EXTRACTED RECORDS
(* Let $n_0,n_1$ be positive integers and $r>1$ an integer. A subset $\mathcal{Z}\subseteq\{1,2,\dots,r-1\}$ is admissible for $(n_0,n_1,r)$ if and only if there exists a pair of integer sequences $(y_\ell)_{\ell\ge0},(z_\ell)_{\ell\ge0}$ satisfying: (C1) $y_\ell\le n_0y_{\ell-1}+n_1z_{\ell-1}$ and $z_\ell\le n_1y_{\ell-1}+n_0z_{\ell-1}$ for every $\ell\ge1$; (C2) $y_{r-1}+z_{r-1}>0$; (C3) $y_\ell=z_\ell=0$ for $\ell\ge r$; (C4) $y_0=1$ and $z_0=0$; (C5) $\min\{y_\ell,z_\ell\}<0$ if and only if $\ell\in\mathcal{Z}$.
   Context: For integers $n,\ell>0$ and a finite-support integer sequence $\mu=(\mu_i)_{i\ge1}$, $\mathsf{K}_\ell(\mu,n)=n^\ell-\sum_{i=1}^{\ell}\mu_i n^{\ell-i}$ (with $0^0=1$). For a pair $(\eta,\omega)$ of nonnegative integer sequences $(\eta_\ell)_{\ell\ge1},(\omega_\ell)_{\ell\ge1}$ with finite support, let $\mathsf{K}^\pm_\ell=\mathsf{K}_\ell(\eta\pm\omega,n_0\pm n_1)$, let $\mathsf{r}(\eta,\omega)$ be the largest index in the union of their supports, and $\mathsf{K}^\pm=\mathsf{K}^\pm_{\mathsf{r}(\eta,\omega)}$. A subset $\mathcal{Z}\subseteq\{1,\dots,r-1\}$ is admissible for $(n_0,n_1,r)$ if there exists such a pair $(\eta,\omega)$ with $\mathsf{r}(\eta,\omega)=r$ and $\mathsf{K}^+=\mathsf{K}^-=0$ such that, for $\ell\in\{1,\dots,r-1\}$, the inequality $\mathsf{K}^+_\ell\ge|\mathsf{K}^-_\ell|$ fails exactly when $\ell\in\mathcal{Z}$. *)

theory Defs
  imports Main
begin

definition Kfun :: "nat \<Rightarrow> (nat \<Rightarrow> int) \<Rightarrow> int \<Rightarrow> int" where
  "Kfun l mu n = n ^ l - (\<Sum>i=1..l. mu i * n ^ (l - i))"

text \<open>Sequences indexed by l >= 1 are modelled as nat => int; the value at 0 is ignored.\<close>
definition supp1 :: "(nat \<Rightarrow> int) \<Rightarrow> nat set" where
  "supp1 f = {l. 1 \<le> l \<and> f l \<noteq> 0}"

definition valid_pair :: "(nat \<Rightarrow> int) \<Rightarrow> (nat \<Rightarrow> int) \<Rightarrow> bool" where
  "valid_pair eta omega \<longleftrightarrow>
     (\<forall>l\<ge>1. eta l \<ge> 0 \<and> omega l \<ge> 0) \<and> finite (supp1 eta) \<and> finite (supp1 omega)"

definition rank_is :: "(nat \<Rightarrow> int) \<Rightarrow> (nat \<Rightarrow> int) \<Rightarrow> nat \<Rightarrow> bool" where
  "rank_is eta omega r \<longleftrightarrow>
     r \<in> supp1 eta \<union> supp1 omega \<and> (\<forall>l \<in> supp1 eta \<union> supp1 omega. l \<le> r)"

definition Kplus :: "(nat \<Rightarrow> int) \<Rightarrow> (nat \<Rightarrow> int) \<Rightarrow> int \<Rightarrow> int \<Rightarrow> nat \<Rightarrow> int" where
  "Kplus eta omega n0 n1 l = Kfun l (\<lambda>i. eta i + omega i) (n0 + n1)"

definition Kminus :: "(nat \<Rightarrow> int) \<Rightarrow> (nat \<Rightarrow> int) \<Rightarrow> int \<Rightarrow> int \<Rightarrow> nat \<Rightarrow> int" where
  "Kminus eta omega n0 n1 l = Kfun l (\<lambda>i. eta i - omega i) (n0 - n1)"

definition admissible :: "int \<Rightarrow> int \<Rightarrow> nat \<Rightarrow> nat set \<Rightarrow> bool" where
  "admissible n0 n1 r Z \<longleftrightarrow> Z \<subseteq> {1..r-1} \<and>
     (\<exists>eta omega. valid_pair eta omega \<and> rank_is eta omega r \<and>
        Kplus eta omega n0 n1 r = 0 \<and> Kminus eta omega n0 n1 r = 0 \<and>
        (\<forall>l\<in>{1..r-1}. (\<not> (Kplus eta omega n0 n1 l \<ge> \<bar>Kminus eta omega n0 n1 l\<bar>)) \<longleftrightarrow> l \<in> Z))"

end

theory Submission
  imports Defs
begin

text \<open>
  \<open>K\<^sub>l(\<mu>, n)\<close> obeys \<open>K\<^sub>l = n K\<^sub>l\<^sub>-\<^sub>1 - \<mu>\<^sub>l\<close>. Hence writing \<open>K\<^sup>+\<^sub>l = y\<^sub>l + z\<^sub>l\<close> and
  \<open>K\<^sup>-\<^sub>l = y\<^sub>l - z\<^sub>l\<close> turns a pair \<open>(\<eta>, \<omega>)\<close> into the trajectory of a linear system
  driven by it, \<open>y\<^sub>l = n\<^sub>0 y\<^sub>l\<^sub>-\<^sub>1 + n\<^sub>1 z\<^sub>l\<^sub>-\<^sub>1 - \<eta>\<^sub>l\<close>, \<open>z\<^sub>l = n\<^sub>1 y\<^sub>l\<^sub>-\<^sub>1 + n\<^sub>0 z\<^sub>l\<^sub>-\<^sub>1 - \<omega>\<^sub>l\<close>,
  \<open>y\<^sub>0 = 1\<close>, \<open>z\<^sub>0 = 0\<close>, and every \<open>(y, z)\<close> with these initial values arises from exactly
  one pair. Under this correspondence nonnegativity of \<open>\<eta>, \<omega>\<close> is (C1),
  \<open>K\<^sup>+\<^sub>l \<ge> |K\<^sup>-\<^sub>l|\<close> is \<open>min y\<^sub>l z\<^sub>l \<ge> 0\<close>, and \<open>K\<^sup>\<plusminus>\<^sub>r = 0\<close> together with the vanishing of
  \<open>\<eta>, \<omega>\<close> beyond \<open>r\<close> is (C3), since a system with zero input stays at zero. Given (C3),
  \<open>\<eta>\<^sub>r + \<omega>\<^sub>r = (n\<^sub>0 + n\<^sub>1)(y\<^sub>r\<^sub>-\<^sub>1 + z\<^sub>r\<^sub>-\<^sub>1)\<close>, so rank exactly \<open>r\<close> is (C2).
\<close>

lemma Kfun_0 [simp]: "Kfun 0 mu n = 1"
  by (simp add: Kfun_def)

lemma Kfun_Suc: "Kfun (Suc l) mu n = n * Kfun l mu n - mu (Suc l)"
proof -
  have "(\<Sum>i=1..l. mu i * n ^ (Suc l - i)) = n * (\<Sum>i=1..l. mu i * n ^ (l - i))"
    unfolding sum_distrib_left by (rule sum.cong) (auto simp: Suc_diff_le algebra_simps)
  then show ?thesis
    by (simp add: Kfun_def algebra_simps)
qed

lemma Kfun_eqI:
  assumes "x 0 = 1" and "\<And>l. mu (Suc l) = n * x l - x (Suc l)"
  shows "Kfun l mu n = x l"
  by (induction l) (simp_all add: Kfun_Suc assms)

definition trajectory ::
    "int \<Rightarrow> int \<Rightarrow> (nat \<Rightarrow> int) \<Rightarrow> (nat \<Rightarrow> int) \<Rightarrow> (nat \<Rightarrow> int) \<Rightarrow> (nat \<Rightarrow> int) \<Rightarrow> bool" where
  "trajectory n0 n1 eta omega y z \<longleftrightarrow> y 0 = 1 \<and> z 0 = 0 \<and>
     (\<forall>l. y (Suc l) = n0 * y l + n1 * z l - eta (Suc l) \<and>
          z (Suc l) = n1 * y l + n0 * z l - omega (Suc l))"

lemma trajectoryD:
  assumes "trajectory n0 n1 eta omega y z"
  shows "y 0 = 1" "z 0 = 0"
    and "y (Suc l) = n0 * y l + n1 * z l - eta (Suc l)"
    and "z (Suc l) = n1 * y l + n0 * z l - omega (Suc l)"
  using assms by (simp_all add: trajectory_def)

lemma trajectory_Kplus:
  assumes "trajectory n0 n1 eta omega y z"
  shows "Kplus eta omega n0 n1 l = y l + z l"
  unfolding Kplus_def
  by (rule Kfun_eqI) (simp_all add: trajectoryD[OF assms] algebra_simps)

lemma trajectory_Kminus:
  assumes "trajectory n0 n1 eta omega y z"
  shows "Kminus eta omega n0 n1 l = y l - z l"
  unfolding Kminus_def
  by (rule Kfun_eqI) (simp_all add: trajectoryD[OF assms] algebra_simps)

fun trajectory_of :: "int \<Rightarrow> int \<Rightarrow> (nat \<Rightarrow> int) \<Rightarrow> (nat \<Rightarrow> int) \<Rightarrow> nat \<Rightarrow> int \<times> int" where
  "trajectory_of n0 n1 eta omega 0 = (1, 0)"
| "trajectory_of n0 n1 eta omega (Suc l) = (case trajectory_of n0 n1 eta omega l of (a, b) \<Rightarrow>
      (n0 * a + n1 * b - eta (Suc l), n1 * a + n0 * b - omega (Suc l)))"

lemma ex_trajectory: "\<exists>y z. trajectory n0 n1 eta omega y z"
proof -
  let ?t = "trajectory_of n0 n1 eta omega"
  have "trajectory n0 n1 eta omega (fst \<circ> ?t) (snd \<circ> ?t)"
    by (simp add: trajectory_def split: prod.split)
  then show ?thesis by blast
qed

lemma ex_trajectory_iff: "(\<exists>eta omega. trajectory n0 n1 eta omega y z) \<longleftrightarrow> y 0 = 1 \<and> z 0 = 0"
proof
  assume "y 0 = 1 \<and> z 0 = 0"
  then have "trajectory n0 n1 (\<lambda>l. n0 * y (l - 1) + n1 * z (l - 1) - y l)
      (\<lambda>l. n1 * y (l - 1) + n0 * z (l - 1) - z l) y z"
    by (simp add: trajectory_def)
  then show "\<exists>eta omega. trajectory n0 n1 eta omega y z" by blast
qed (auto simp: trajectory_def)

lemma trajectory_nonneg_iff:
  assumes "trajectory n0 n1 eta omega y z"
  shows "(\<forall>l\<ge>1. eta l \<ge> 0 \<and> omega l \<ge> 0) \<longleftrightarrow>
    (\<forall>l\<ge>1. y l \<le> n0 * y (l - 1) + n1 * z (l - 1) \<and> z l \<le> n1 * y (l - 1) + n0 * z (l - 1))"
proof -
  have "eta l \<ge> 0 \<and> omega l \<ge> 0 \<longleftrightarrow>
      y l \<le> n0 * y (l - 1) + n1 * z (l - 1) \<and> z l \<le> n1 * y (l - 1) + n0 * z (l - 1)"
    if "l \<ge> 1" for l
    using that trajectoryD(3,4)[OF assms, of "l - 1"] by simp
  then show ?thesis by blast
qed

lemma trajectory_zero_from:
  assumes "trajectory n0 n1 eta omega y z" and "y r = 0" "z r = 0"
    and "\<forall>l>r. eta l = 0 \<and> omega l = 0" and "r \<le> l"
  shows "y l = 0 \<and> z l = 0"
  using \<open>r \<le> l\<close>
proof (induction rule: dec_induct)
  case (step l)
  then show ?case using trajectoryD(3,4)[OF assms(1), of l] assms(4) by simp
qed (use assms in simp)

lemma trajectory_vanish_iff:
  assumes "trajectory n0 n1 eta omega y z"
  shows "(Kplus eta omega n0 n1 r = 0 \<and> Kminus eta omega n0 n1 r = 0 \<and>
      (\<forall>l>r. eta l = 0 \<and> omega l = 0)) \<longleftrightarrow> (\<forall>l\<ge>r. y l = 0 \<and> z l = 0)"
proof
  assume K: "Kplus eta omega n0 n1 r = 0 \<and> Kminus eta omega n0 n1 r = 0 \<and>
      (\<forall>l>r. eta l = 0 \<and> omega l = 0)"
  then have "y r = 0" "z r = 0"
    using trajectory_Kplus[OF assms, of r] trajectory_Kminus[OF assms, of r] by simp_all
  with K show "\<forall>l\<ge>r. y l = 0 \<and> z l = 0"
    using trajectory_zero_from[OF assms] by blast
next
  assume zero: "\<forall>l\<ge>r. y l = 0 \<and> z l = 0"
  have "eta l = 0 \<and> omega l = 0" if "l > r" for l
  proof -
    obtain k where "l = Suc k" "k \<ge> r" using \<open>l > r\<close> by (cases l) auto
    then show ?thesis using trajectoryD(3,4)[OF assms, of k] zero by simp
  qed
  then show "Kplus eta omega n0 n1 r = 0 \<and> Kminus eta omega n0 n1 r = 0 \<and>
      (\<forall>l>r. eta l = 0 \<and> omega l = 0)"
    using zero trajectory_Kplus[OF assms, of r] trajectory_Kminus[OF assms, of r] by simp
qed

lemma valid_pair_rank_iff:
  "valid_pair eta omega \<and> rank_is eta omega r \<longleftrightarrow>
    r \<ge> 1 \<and> (\<forall>l\<ge>1. eta l \<ge> 0 \<and> omega l \<ge> 0) \<and>
    (\<forall>l>r. eta l = 0 \<and> omega l = 0) \<and> eta r + omega r > 0"
    (is "?lhs \<longleftrightarrow> ?rhs")
proof
  assume ?lhs
  then have nonneg: "\<forall>l\<ge>1. eta l \<ge> 0 \<and> omega l \<ge> 0"
    and top: "r \<in> supp1 eta \<union> supp1 omega" and below: "\<forall>l \<in> supp1 eta \<union> supp1 omega. l \<le> r"
    by (simp_all add: valid_pair_def rank_is_def)
  from top have "r \<ge> 1" and "eta r \<noteq> 0 \<or> omega r \<noteq> 0"
    by (auto simp: supp1_def)
  moreover have "eta l = 0 \<and> omega l = 0" if "l > r" for l
  proof -
    have "l \<notin> supp1 eta \<union> supp1 omega" using below that leD by blast
    then show ?thesis using that \<open>r \<ge> 1\<close> by (simp add: supp1_def)
  qed
  ultimately show ?rhs
    using nonneg by fastforce
next
  assume ?rhs
  then have "supp1 eta \<subseteq> {1..r}" "supp1 omega \<subseteq> {1..r}" "r \<in> supp1 eta \<union> supp1 omega"
    by (auto simp: supp1_def not_le[symmetric])
  with \<open>?rhs\<close> show ?lhs
    unfolding valid_pair_def rank_is_def by (auto intro: finite_subset)
qed

lemma min_neg_iff_not_abs_le: "min (a::int) b < 0 \<longleftrightarrow> \<not> \<bar>a - b\<bar> \<le> a + b"
  by (auto simp: abs_if min_def)

lemma trajectory_sign_pattern_iff:
  assumes traj: "trajectory n0 n1 eta omega y z"
    and zero: "\<forall>l\<ge>r. y l = 0 \<and> z l = 0" and Z: "Z \<subseteq> {1..r-1}"
  shows "(\<forall>l\<in>{1..r-1}. \<not> \<bar>Kminus eta omega n0 n1 l\<bar> \<le> Kplus eta omega n0 n1 l \<longleftrightarrow> l \<in> Z) \<longleftrightarrow>
    (\<forall>l. min (y l) (z l) < 0 \<longleftrightarrow> l \<in> Z)"
proof -
  have "\<not> min (y l) (z l) < 0" and "l \<notin> Z" if "l \<notin> {1..r-1}" for l
  proof -
    from that consider "l = 0" | "l \<ge> r" by fastforce
    then show "\<not> min (y l) (z l) < 0" using zero trajectoryD(1,2)[OF traj] by cases auto
    show "l \<notin> Z" using that Z by blast
  qed
  then show ?thesis
    using min_neg_iff_not_abs_le trajectory_Kplus[OF traj] trajectory_Kminus[OF traj] by metis
qed

definition admissible_pair ::
    "int \<Rightarrow> int \<Rightarrow> nat \<Rightarrow> nat set \<Rightarrow> (nat \<Rightarrow> int) \<Rightarrow> (nat \<Rightarrow> int) \<Rightarrow> bool" where
  "admissible_pair n0 n1 r Z eta omega \<longleftrightarrow>
     valid_pair eta omega \<and> rank_is eta omega r \<and>
     Kplus eta omega n0 n1 r = 0 \<and> Kminus eta omega n0 n1 r = 0 \<and>
     (\<forall>l\<in>{1..r-1}. \<not> \<bar>Kminus eta omega n0 n1 l\<bar> \<le> Kplus eta omega n0 n1 l \<longleftrightarrow> l \<in> Z)"

definition admissible_sequences ::
    "int \<Rightarrow> int \<Rightarrow> nat \<Rightarrow> nat set \<Rightarrow> (nat \<Rightarrow> int) \<Rightarrow> (nat \<Rightarrow> int) \<Rightarrow> bool" where
  "admissible_sequences n0 n1 r Z y z \<longleftrightarrow>
     (\<forall>l\<ge>1. y l \<le> n0 * y (l - 1) + n1 * z (l - 1) \<and> z l \<le> n1 * y (l - 1) + n0 * z (l - 1)) \<and>
     y (r - 1) + z (r - 1) > 0 \<and>
     (\<forall>l\<ge>r. y l = 0 \<and> z l = 0) \<and>
     (\<forall>l. min (y l) (z l) < 0 \<longleftrightarrow> l \<in> Z)"

lemma trajectory_admissible_iff:
  assumes traj: "trajectory n0 n1 eta omega y z"
    and "n0 + n1 > 0" and "r \<ge> 1" and Z: "Z \<subseteq> {1..r-1}"
  shows "admissible_pair n0 n1 r Z eta omega \<longleftrightarrow> admissible_sequences n0 n1 r Z y z"
proof -
  have top: "eta r + omega r > 0 \<longleftrightarrow> y (r - 1) + z (r - 1) > 0" if "y r = 0" "z r = 0"
  proof -
    have "eta r + omega r = (n0 + n1) * (y (r - 1) + z (r - 1))"
      using trajectoryD(3,4)[OF traj, of "r - 1"] that \<open>r \<ge> 1\<close> by (simp add: algebra_simps)
    then show ?thesis using \<open>n0 + n1 > 0\<close> by (simp add: zero_less_mult_iff)
  qed
  show ?thesis
    unfolding admissible_pair_def admissible_sequences_def
    using valid_pair_rank_iff[of eta omega r] trajectory_nonneg_iff[OF traj]
      trajectory_vanish_iff[OF traj, of r] trajectory_sign_pattern_iff[OF traj _ Z] top \<open>r \<ge> 1\<close>
    by blast
qed

theorem lemma4:
  fixes n0 n1 :: int and r :: nat and Z :: "nat set"
  assumes "n0 > 0" and "n1 > 0" and "r > 1" and "Z \<subseteq> {1..r-1}"
  shows "admissible n0 n1 r Z \<longleftrightarrow>
    (\<exists>y z :: nat \<Rightarrow> int.
       (\<forall>l\<ge>1. y l \<le> n0 * y (l - 1) + n1 * z (l - 1) \<and> z l \<le> n1 * y (l - 1) + n0 * z (l - 1)) \<and>
       y (r - 1) + z (r - 1) > 0 \<and>
       (\<forall>l\<ge>r. y l = 0 \<and> z l = 0) \<and>
       y 0 = 1 \<and> z 0 = 0 \<and>
       (\<forall>l. min (y l) (z l) < 0 \<longleftrightarrow> l \<in> Z))"
proof -
  have "n0 + n1 > 0" "r \<ge> 1" using assms by simp_all
  note correspondence = trajectory_admissible_iff[OF _ this \<open>Z \<subseteq> {1..r-1}\<close>]
  have "admissible n0 n1 r Z \<longleftrightarrow> (\<exists>eta omega. admissible_pair n0 n1 r Z eta omega)"
    using \<open>Z \<subseteq> {1..r-1}\<close> by (simp add: admissible_def admissible_pair_def)
  also have "\<dots> \<longleftrightarrow>
      (\<exists>eta omega y z. trajectory n0 n1 eta omega y z \<and> admissible_sequences n0 n1 r Z y z)"
    using correspondence ex_trajectory by meson
  also have "\<dots> \<longleftrightarrow> (\<exists>y z. y 0 = 1 \<and> z 0 = 0 \<and> admissible_sequences n0 n1 r Z y z)"
    using ex_trajectory_iff by blast
  finally show ?thesis
    by (auto simp: admissible_sequences_def)
qed

end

WHAT YOU SHOULD DO
Show every line in the entries where the string "below" occurs.

WRITTEN ANSWER
    and top: "r \<in> supp1 eta \<union> supp1 omega" and below: "\<forall>l \<in> supp1 eta \<union> supp1 omega. l \<le> r"
    have "l \<notin> supp1 eta \<union> supp1 omega" using below that leD by blast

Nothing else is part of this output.